Mrs. Early started with simple subject-verb-object construction. When she added indirect objects, direct objects, conjunctions, and prepositional phrases, well, my lines ran off the page. If you don’t know how a diagramed sentence looks, a simple Google search offers a snapshot.
While I despised her process, Mrs. Early taught me how to construct sentences. Do I get every word order right every time? No. Honestly, the most important lesson she taught me was to love words and how they flow together on a page.
I still make sentence structure mistakes. However, learning from those mistakes and creating new habits helps me grow as a writer. So, here are three mistakes I made as a young writer and a few ways to correct them.

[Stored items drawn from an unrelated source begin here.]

(* For $k\ge4$ let $$E_k(n)=\frac{\gamma_k}{(1-\tau_k)^2}\,\rho_k^{-n}\,n^{-3/2},\qquad\text{where }\ \gamma_k=\sqrt{\frac{\rho_k}{2\pi\Lambda_k''(\tau_k)}}.$$ By Theorem 4.1, $E_k(n)$ is the asymptotic equivalent of $P^{(k)}_n$ as $n\to\infty$ for each fixed $k$. There exist a constant $C>0$ and an integer $K$ such that for all $k\ge K$ and all $n\ge1$, $$E_k(n)\le\frac{1}{(1-\frac{e}{k})^2}\sqrt{\frac{e}{4\pi k}}\left(\frac{k}{e}\right)^n\left(1+\frac52\frac{\log k}{k}+\frac{C}{k}\right)^n n^{-3/2}.$$
   Context: Let $s_j$ be the number of simple permutations of size $j$. A permutation is simple if its only intervals (factors whose value set is a set of consecutive integers) are the singletons and the whole permutation, with the convention that the permutations of sizes $1$ and $2$ are not simple. For $k\ge4$, let $$\Lambda_k(x)=\frac{x^2}{1-x}+\sum_{j=4}^k s_j\left(\frac{x}{1-x}\right)^j\qquad(0\le x<1).$$ Let $\tau_k$ be the unique solution in $(0,1)$ of $\Lambda_k'(x)=1$, and set $\rho_k=\tau_k-\Lambda_k(\tau_k)$. Let $U^{(k)}(z)$ be the formal power series with $U^{(k)}(0)=0$ and $U^{(k)}=z+\Lambda_k(U^{(k)})$, and let $P^{(k)}_n=[z^n]\dfrac{U^{(k)}(z)}{1-U^{(k)}(z)}$. Combinatorially, $P^{(k)}_n$ is the number of permutations of size $n$ whose strong interval tree has no prime node of arity larger than $k$. *)

theory Defs
  imports "HOL-Analysis.Analysis" "HOL-Combinatorics.Permutations"
begin

text \<open>A permutation of size n is a bijection p of {0..<n} (positions to values),
  fixing everything outside.\<close>

definition perm_interval :: "nat \<Rightarrow> (nat \<Rightarrow> nat) \<Rightarrow> nat \<Rightarrow> nat \<Rightarrow> bool" where
  "perm_interval n p i j \<longleftrightarrow> i \<le> j \<and> j < n \<and> (\<exists>a. p ` {i..j} = {a..a + (j - i)})"

text \<open>Simple permutations: only trivial intervals; sizes 0, 1, 2 are excluded by convention.\<close>
definition simple_perm :: "nat \<Rightarrow> (nat \<Rightarrow> nat) \<Rightarrow> bool" where
  "simple_perm n p \<longleftrightarrow> n \<ge> 3 \<and> p permutes {0..<n} \<and>
     (\<forall>i j. perm_interval n p i j \<longrightarrow> i = j \<or> (i = 0 \<and> j = n - 1))"

definition num_simple :: "nat \<Rightarrow> nat" where
  "num_simple n = card {p. simple_perm n p}"

definition Lambda :: "nat \<Rightarrow> real \<Rightarrow> real" where
  "Lambda k x = x\<^sup>2 / (1 - x) + (\<Sum>j=4..k. real (num_simple j) * (x / (1 - x)) ^ j)"

definition tau :: "nat \<Rightarrow> real" where
  "tau k = (THE x. 0 < x \<and> x < 1 \<and> deriv (Lambda k) x = 1)"

definition rho :: "nat \<Rightarrow> real" where
  "rho k = tau k - Lambda k (tau k)"

definition gamma_k :: "nat \<Rightarrow> real" where
  "gamma_k k = sqrt (rho k / (2 * pi * deriv (deriv (Lambda k)) (tau k)))"

definition E :: "nat \<Rightarrow> nat \<Rightarrow> real" where
  "E k n = gamma_k k / (1 - tau k)\<^sup>2 * rho k powr (- real n) * real n powr (-3/2)"

end

theory Submission
  imports Defs "HOL-Analysis.Harmonic_Numbers" "HOL-Real_Asymp.Real_Asymp"
begin

text \<open>
  With \<open>y = x / (1 - x)\<close> and \<open>S(y) = \<Sum>\<^bsub>j=4..k\<^esub> s\<^sub>j y\<^sup>j\<close> we have
  \<open>\<Lambda>(x) = y - x + S(y)\<close>, a power series in \<open>x\<close> with nonnegative coefficients starting at \<open>x\<^sup>2\<close>.
  Hence \<open>\<Lambda>'\<close> increases (so \<open>\<tau>\<close> is well defined, \<open>\<tau> \<le> 1/2\<close>, and \<open>\<rho>\<close> is the maximum of
  \<open>x - \<Lambda>(x)\<close> on \<open>[0,1)\<close>), \<open>2\<Lambda> \<le> x\<Lambda>'\<close> and \<open>\<Lambda>' \<le> x\<Lambda>''\<close>. The last two give \<open>\<rho> \<ge> \<tau>/2\<close> and
  \<open>\<Lambda>''(\<tau>) \<ge> 1/\<tau>\<close>, hence \<open>\<gamma> \<le> \<rho>/\<surd>\<pi>\<close> and \<open>E(n) \<le> 4/\<surd>\<pi> \<rho>\<^bsup>1-n\<^esup> n\<^bsup>-3/2\<^esup>\<close>.

  It remains to bound \<open>\<rho>\<close> from below by the value of \<open>x - \<Lambda>(x)\<close> at the point where
  \<open>y = e / (k + 5/2 log k)\<close>, using only \<open>s\<^sub>j \<le> j!\<close>. By Stirling's bound the terms \<open>j! y\<^sup>j\<close> with
  \<open>j \<le> k/2\<close> are negligible, while those with \<open>j > k/2\<close> grow geometrically up to
  \<open>k! y\<^sup>k \<le> e \<surd>k (1 + 5/2 log k / k)\<^bsup>-k\<^esup> \<approx> e k\<^bsup>-2\<^esup>\<close>; this is where the factor \<open>5/2\<close> comes
  from. The outcome is \<open>\<rho> \<ge> e / (k + 5/2 log k + 40)\<close> for large \<open>k\<close>.
\<close>

lemma exp_one_ge_5_2: "5/2 \<le> exp (1::real)"
  using exp_lower_Taylor_quadratic[of 1] by simp

lemma ln_Stirling_bound:
  "0 < x \<Longrightarrow> ln (exp 1 * sqrt x * (x / exp 1) ^ n) = 1 + ln x / 2 + n * (ln x - 1)"
  by (simp add: ln_mult ln_div ln_realpow ln_sqrt)

lemma fact_le_Stirling_bound:
  assumes "1 \<le> n"
  shows "fact n \<le> exp 1 * sqrt (real n) * (real n / exp 1) ^ n"
  using assms
proof (induction n rule: dec_induct)
  case base
  then show ?case by simp
next
  case (step n)
  have n: "1 \<le> real n" using step by simp
  \<comment> \<open>the bound grows by the factor \<open>(n + 1) (1 + 1/n)\<^bsup>n+1/2\<^esup> / e \<ge> n + 1\<close>\<close>
  have "1 = (real n + 1/2) * (2 * ((real n + 1) - real n) / (real n + (real n + 1)))"
    using n by (simp add: field_simps)
  also have "\<dots> \<le> (real n + 1/2) * (ln (real n + 1) - ln (real n))"
    using n by (intro mult_left_mono ln_inverse_approx_ge) auto
  finally have growth: "1 \<le> (real n + 1/2) * (ln (real n + 1) - ln (real n))" .
  have "ln (fact (Suc n)) = ln (fact n) + ln (real n + 1)"
    by (simp add: ln_mult add.commute)
  also have "\<dots> \<le> ln (exp 1 * sqrt (real n) * (real n / exp 1) ^ n) + ln (real n + 1)"
    using step.IH n by simp
  also have "\<dots> = 1 + ln (real n) / 2 + n * (ln (real n) - 1) + ln (real n + 1)"
    using n by (simp add: ln_Stirling_bound)
  also have "\<dots> \<le> 1 + ln (real n + 1) / 2 + (n + 1) * (ln (real n + 1) - 1)"
    using growth by (simp add: algebra_simps)
  also have "\<dots> = ln (exp 1 * sqrt (real (Suc n)) * (real (Suc n) / exp 1) ^ Suc n)"
    using ln_Stirling_bound[of "real (Suc n)" "Suc n"] by (simp add: add.commute)
  finally show ?case
    by (subst (asm) ln_le_cancel_iff) auto
qed

lemma ratio_power_le:
  assumes "4 \<le> j" "2 * j \<le> k"
  shows "(real j / real k) ^ j \<le> (10 * ln (real k) / real k) ^ 4 + 1 / real k ^ 6"
proof -
  define u where "u = real j / real k"
  have u: "0 \<le> u" "u \<le> 1/2"
    using assms by (auto simp: u_def field_simps)
  show ?thesis
  proof (cases "real j \<le> 10 * ln (real k)")
    case True
    have "u ^ j \<le> u ^ 4"
      using assms u by (intro power_decreasing) auto
    also have "\<dots> \<le> (10 * ln (real k) / real k) ^ 4"
      using True u unfolding u_def by (intro power_mono divide_right_mono) auto
    finally show ?thesis
      unfolding u_def by (simp add: add_increasing2)
  next
    case False
    have k: "0 < real k"
      using assms by simp
    have "u ^ j \<le> (1/2) ^ j"
      using u by (intro power_mono) auto
    also have "\<dots> = exp (- (real j * ln 2))"
      by (simp add: exp_minus exp_of_nat_mult power_one_over inverse_eq_divide)
    also have "\<dots> \<le> exp (- (6 * ln (real k)))"
      using False mult_left_mono[OF ln2_ge_two_thirds, of "real j"] by simp
    also have "\<dots> = 1 / real k ^ 6"
      using k by (simp add: exp_minus exp_of_nat_mult[of 6, simplified] inverse_eq_divide)
    finally show ?thesis
      unfolding u_def by (simp add: add_increasing)
  qed
qed

lemma power_mult_le_of_growth:
  fixes a :: "nat \<Rightarrow> real"
  assumes "j \<le> k" "0 \<le> q" "\<And>i. j < i \<Longrightarrow> i \<le> k \<Longrightarrow> q * a (i - 1) \<le> a i"
  shows "a j * q ^ (k - j) \<le> a k"
  using assms
proof (induction k rule: dec_induct)
  case base
  then show ?case by simp
next
  case (step k)
  have "a j * q ^ (Suc k - j) = q * (a j * q ^ (k - j))"
    using step.hyps by (simp add: Suc_diff_le)
  also have "\<dots> \<le> q * a k"
    using step by (intro mult_left_mono) auto
  also have "\<dots> \<le> a (Suc k)"
    using step.prems(2)[of "Suc k"] step.hyps by simp
  finally show ?case .
qed

lemma sum_power_diff_le:
  fixes r :: real
  assumes "0 \<le> r" "r < 1"
  shows "(\<Sum>j=m..k. r ^ (k - j)) \<le> 1 / (1 - r)"
proof -
  have "(\<Sum>j=m..k. r ^ (k - j)) = (\<Sum>i\<in>(\<lambda>j. k - j) ` {m..k}. r ^ i)"
    by (subst sum.reindex) (auto simp: inj_on_def)
  also have "\<dots> \<le> (\<Sum>i. r ^ i)"
    using assms by (intro sum_le_suminf summable_geometric) auto
  also have "\<dots> = 1 / (1 - r)"
    using assms by (simp add: suminf_geometric)
  finally show ?thesis .
qed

Stop being passive. I don’t mean this as a personal character quality, rather a writing style. Journalism 101 points out two voices—passive and active. The passive voice stresses the action performed on by the subject. Example: The tractor was driven by Ronda. An active voice is when the subject performs the verb. Example: Ronda drove the tractor. The active voice brings readers into the story. Our readers are busy. A passive voice often slows down the story delivery. Active voice offers tight, direct, and strong copy. Choose active.
Remedy: Search your story for helping or auxiliary verbs. “Readability Statistics” in Word also provides the passive sentences percentage after spell-checking a document. This article 1.9% passive sentences.
Find a period. Run-on sentences are a problem. So are sentences with too many commas. If I must come up for air more than twice while reading a sentence, it needs a period. If there are so many subjects in a sentence that I cannot tell which is the main one, it needs a period. A comma or semicolon can fix a run-on sentence, but so can a period.
Remedy: Read your story aloud. If you find yourself gasping for air, put in a period. Most computers have a “read aloud” function and while the computer-generated voice does not run out of breath, it can drone on. Stop it mid-sentence and add a period. This punctuation mark is your friend.
Use strong quotes. Every word out of a source’s mouth is not quote material. Too often writers fill articles with quote upon quote. Honestly, anyone can pick up an entire quote from a transcription and place it in the copy; it takes a writer to find the right one to draw in a reader or drive home a point. Quotes need to be robust.
Remedy: Strike a balance between paraphrasing and quoting a source. If you paraphrase the general information, the quotes make a larger impact on the reader.
Mrs. Early taught me there are technicalities to the written word. Still, there is a need for creativity. The key is merging the two to create great stories.